(* Let $L_1,L_2>0$, $\Omega=(0,L_1)\times(0,L_2)$, and $\alpha_1,\alpha_2,\beta_1,\beta_2\in\mathbb{R}$ with $\alpha_1,\alpha_2>0$ and $\alpha_2\beta_1-\alpha_1\beta_2\ne0$. Let $\mathcal{T}\Theta=T_1\Theta_x+T_2\Theta_y$ with $T_1=\begin{pmatrix}\alpha_1&\beta_1\\ \beta_1&-\alpha_1\end{pmatrix}$, $T_2=\begin{pmatrix}\alpha_2&\beta_2\\ \beta_2&-\alpha_2\end{pmatrix}$, on the domain $\mathcal{D}(\mathcal{T})=V$ described in the context. Then $\mathcal{T}$ is positive: $\langle\mathcal{T}\Theta,\Theta\rangle_{L^2(\Omega)^2}\ge0$ for every $\Theta\in\mathcal{D}(\mathcal{T})=V$.
   Context: $\Gamma_W=\{x=0\}$, $\Gamma_E=\{x=L_1\}$, $\Gamma_S=\{y=0\}$, $\Gamma_N=\{y=L_2\}$. $\mathcal{D}(\mathcal{T})=\{\Theta\in L^2(\Omega)^2:\ \mathcal{T}\Theta\in L^2(\Omega)^2,\ \theta_1=0\text{ on }\Gamma_W\cup\Gamma_S,\ \theta_2=0\text{ on }\Gamma_E\cup\Gamma_N\}$ and $V=\{\Theta\in H^1(\Omega)^2:\ \theta_1=0\text{ on }\Gamma_W\cup\Gamma_S,\ \theta_2=0\text{ on }\Gamma_E\cup\Gamma_N\}$; these two spaces coincide under the stated hypotheses. *)

theory Defs
  imports "HOL-Analysis.Analysis"
begin

definition Omega :: "real \<Rightarrow> real \<Rightarrow> (real \<times> real) set" where
  "Omega L1 L2 = {0<..<L1} \<times> {0<..<L2}"

definition px :: "(real \<times> real \<Rightarrow> real) \<Rightarrow> real \<times> real \<Rightarrow> real" where
  "px \<phi> p = deriv (\<lambda>t. \<phi> (t, snd p)) (fst p)"

definition py :: "(real \<times> real \<Rightarrow> real) \<Rightarrow> real \<times> real \<Rightarrow> real" where
  "py \<phi> p = deriv (\<lambda>t. \<phi> (fst p, t)) (snd p)"

definition C1_fun :: "(real \<times> real \<Rightarrow> real) \<Rightarrow> bool" where
  "C1_fun \<phi> \<longleftrightarrow> continuous_on UNIV \<phi> \<and>
     (\<forall>p. (\<lambda>t. \<phi> (t, snd p)) differentiable (at (fst p)) \<and>
          (\<lambda>t. \<phi> (fst p, t)) differentiable (at (snd p))) \<and>
     continuous_on UNIV (px \<phi>) \<and> continuous_on UNIV (py \<phi>)"

definition test_fun :: "(real \<times> real) set \<Rightarrow> (real \<times> real \<Rightarrow> real) \<Rightarrow> bool" where
  "test_fun U \<phi> \<longleftrightarrow> C1_fun \<phi> \<and> compact (closure {p. \<phi> p \<noteq> 0}) \<and>
     closure {p. \<phi> p \<noteq> 0} \<subseteq> U"

definition L2_on :: "(real \<times> real) set \<Rightarrow> (real \<times> real \<Rightarrow> real) \<Rightarrow> bool" where
  "L2_on U f \<longleftrightarrow> set_borel_measurable lborel U f \<and>
     set_integrable lborel U (\<lambda>p. (f p)\<^sup>2)"

definition weak_dx :: "(real \<times> real) set \<Rightarrow> (real \<times> real \<Rightarrow> real) \<Rightarrow> (real \<times> real \<Rightarrow> real) \<Rightarrow> bool" where
  "weak_dx U f g \<longleftrightarrow> (\<forall>\<phi>. test_fun U \<phi> \<longrightarrow>
     (LINT p:U|lborel. f p * px \<phi> p) = - (LINT p:U|lborel. g p * \<phi> p))"

definition weak_dy :: "(real \<times> real) set \<Rightarrow> (real \<times> real \<Rightarrow> real) \<Rightarrow> (real \<times> real \<Rightarrow> real) \<Rightarrow> bool" where
  "weak_dy U f g \<longleftrightarrow> (\<forall>\<phi>. test_fun U \<phi> \<longrightarrow>
     (LINT p:U|lborel. f p * py \<phi> p) = - (LINT p:U|lborel. g p * \<phi> p))"

definition H1_dist :: "(real \<times> real) set \<Rightarrow> (real \<times> real \<Rightarrow> real) \<Rightarrow> (real \<times> real \<Rightarrow> real)
    \<Rightarrow> (real \<times> real \<Rightarrow> real) \<Rightarrow> (real \<times> real \<Rightarrow> real) \<Rightarrow> real" where
  "H1_dist U f gx gy \<phi> = (LINT p:U|lborel. (f p - \<phi> p)\<^sup>2) + (LINT p:U|lborel. (gx p - px \<phi> p)\<^sup>2)
      + (LINT p:U|lborel. (gy p - py \<phi> p)\<^sup>2)"

text \<open>Vanishing trace on a boundary segment parametrised by arclength \<gamma> on [a,b]:
  trace f is the L^2 limit of the boundary values of C^1 functions converging to f in H^1.\<close>
definition zero_trace :: "(real \<times> real) set \<Rightarrow> (real \<times> real \<Rightarrow> real) \<Rightarrow> (real \<times> real \<Rightarrow> real)
    \<Rightarrow> (real \<times> real \<Rightarrow> real) \<Rightarrow> (real \<Rightarrow> real \<times> real) \<Rightarrow> real \<Rightarrow> real \<Rightarrow> bool" where
  "zero_trace U f gx gy \<gamma> a b \<longleftrightarrow> (\<exists>\<phi>s :: nat \<Rightarrow> real \<times> real \<Rightarrow> real.
     (\<forall>n. C1_fun (\<phi>s n)) \<and>
     (\<lambda>n. H1_dist U f gx gy (\<phi>s n)) \<longlonglongrightarrow> 0 \<and>
     (\<lambda>n. integral {a..b} (\<lambda>s. (\<phi>s n (\<gamma> s))\<^sup>2)) \<longlonglongrightarrow> 0)"

end

theory Submission
  imports Defs
begin

text \<open>For \<open>C\<^sup>1\<close> fields \<open>w = (u, v)\<close> the \<open>x\<close>-part \<open>\<langle>T\<^sub>1 w\<^sub>x, w\<rangle>\<close> of the integrand is the
  \<open>x\<close>-derivative of \<open>q(w) = \<langle>T\<^sub>1 w, w\<rangle> / 2 = \<alpha>\<^sub>1 (u\<^sup>2 - v\<^sup>2) / 2 + \<beta>\<^sub>1 u v\<close>, because \<open>T\<^sub>1\<close> is
  symmetric. Integrating in \<open>x\<close> leaves \<open>q\<close> on \<open>\<Gamma>\<^sub>E\<close> minus \<open>q\<close> on \<open>\<Gamma>\<^sub>W\<close>, and completing
  the square gives \<open>q(w) \<ge> -K v\<^sup>2\<close> and \<open>q(w) \<le> K u\<^sup>2\<close>: the boundary terms are bounded below by
  \<open>-K\<close> times the squared traces of \<open>\<theta>\<^sub>2\<close> on \<open>\<Gamma>\<^sub>E\<close> and of \<open>\<theta>\<^sub>1\<close> on \<open>\<Gamma>\<^sub>W\<close>, precisely the ones
  that vanish. Approximating \<open>\<theta>\<^sub>1\<close> and \<open>\<theta>\<^sub>2\<close> in \<open>H\<^sup>1\<close> by \<open>C\<^sup>1\<close> functions with these traces
  tending to zero and passing to the limit in the bilinear integral shows that the \<open>x\<close>-part is
  nonnegative; the \<open>y\<close>-part is the same argument with \<open>\<Gamma>\<^sub>N\<close> and \<open>\<Gamma>\<^sub>S\<close>.\<close>

section \<open>Square-integrable functions\<close>

definition square_integrable :: "'a measure \<Rightarrow> ('a \<Rightarrow> real) \<Rightarrow> bool" where
  "square_integrable M f \<longleftrightarrow> f \<in> borel_measurable M \<and> integrable M (\<lambda>x. (f x)\<^sup>2)"

lemma square_integrable_mult:
  assumes "square_integrable M f" "square_integrable M g"
  shows "integrable M (\<lambda>x. f x * g x)"
proof (rule Bochner_Integration.integrable_bound[where f="\<lambda>x. (f x)\<^sup>2 + (g x)\<^sup>2"])
  show "integrable M (\<lambda>x. (f x)\<^sup>2 + (g x)\<^sup>2)"
    using assms unfolding square_integrable_def by simp
  show "(\<lambda>x. f x * g x) \<in> borel_measurable M"
    using assms unfolding square_integrable_def by (auto intro: borel_measurable_times)
  show "AE x in M. norm (f x * g x) \<le> norm ((f x)\<^sup>2 + (g x)\<^sup>2)"
  proof (rule AE_I2)
    fix x
    have "2 * \<bar>f x\<bar> * \<bar>g x\<bar> \<le> (f x)\<^sup>2 + (g x)\<^sup>2"
      using sum_squares_bound[of "\<bar>f x\<bar>" "\<bar>g x\<bar>"] by simp
    moreover have "0 \<le> \<bar>f x\<bar> * \<bar>g x\<bar>"
      by simp
    ultimately have "\<bar>f x\<bar> * \<bar>g x\<bar> \<le> (f x)\<^sup>2 + (g x)\<^sup>2"
      by linarith
    then show "norm (f x * g x) \<le> norm ((f x)\<^sup>2 + (g x)\<^sup>2)"
      by (simp add: abs_mult)
  qed
qed

lemma square_integrable_diff:
  assumes "square_integrable M f" "square_integrable M g"
  shows "square_integrable M (\<lambda>x. f x - g x)"
proof -
  have "integrable M (\<lambda>x. (f x)\<^sup>2 + (g x)\<^sup>2 - 2 * (f x * g x))"
    using assms square_integrable_mult[OF assms] unfolding square_integrable_def by simp
  then show ?thesis
    using assms unfolding square_integrable_def by (simp add: power2_diff mult.assoc borel_measurable_diff)
qed

lemma quadratic_nonneg_imp_discriminant_le:
  fixes a b c :: real
  assumes "a \<ge> 0" "\<And>t. 0 \<le> a * t\<^sup>2 + 2 * b * t + c"
  shows "b\<^sup>2 \<le> a * c"
proof (cases "a = 0")
  case True
  have "b = 0"
  proof (rule ccontr)
    assume "b \<noteq> 0"
    have "0 \<le> a * (-(c + 1) / (2 * b))\<^sup>2 + 2 * b * (-(c + 1) / (2 * b)) + c"
      by (rule assms(2))
    with True \<open>b \<noteq> 0\<close> show False by simp
  qed
  with True show ?thesis by simp
next
  case False
  have "0 \<le> a * (-b / a)\<^sup>2 + 2 * b * (-b / a) + c"
    by (rule assms(2))
  with False assms(1) show ?thesis
    by (simp add: field_simps power2_eq_square)
qed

☆ ☆ ☆ ☆ ☆

DIRECTIONS FOR THIS TASK:
Copy all lines from the material that hold "proof".

WORKED SOLUTION:
proof (rule Bochner_Integration.integrable_bound[where f="\<lambda>x. (f x)\<^sup>2 + (g x)\<^sup>2"])
  proof (rule AE_I2)
proof -
proof (cases "a = 0")
  proof (rule ccontr)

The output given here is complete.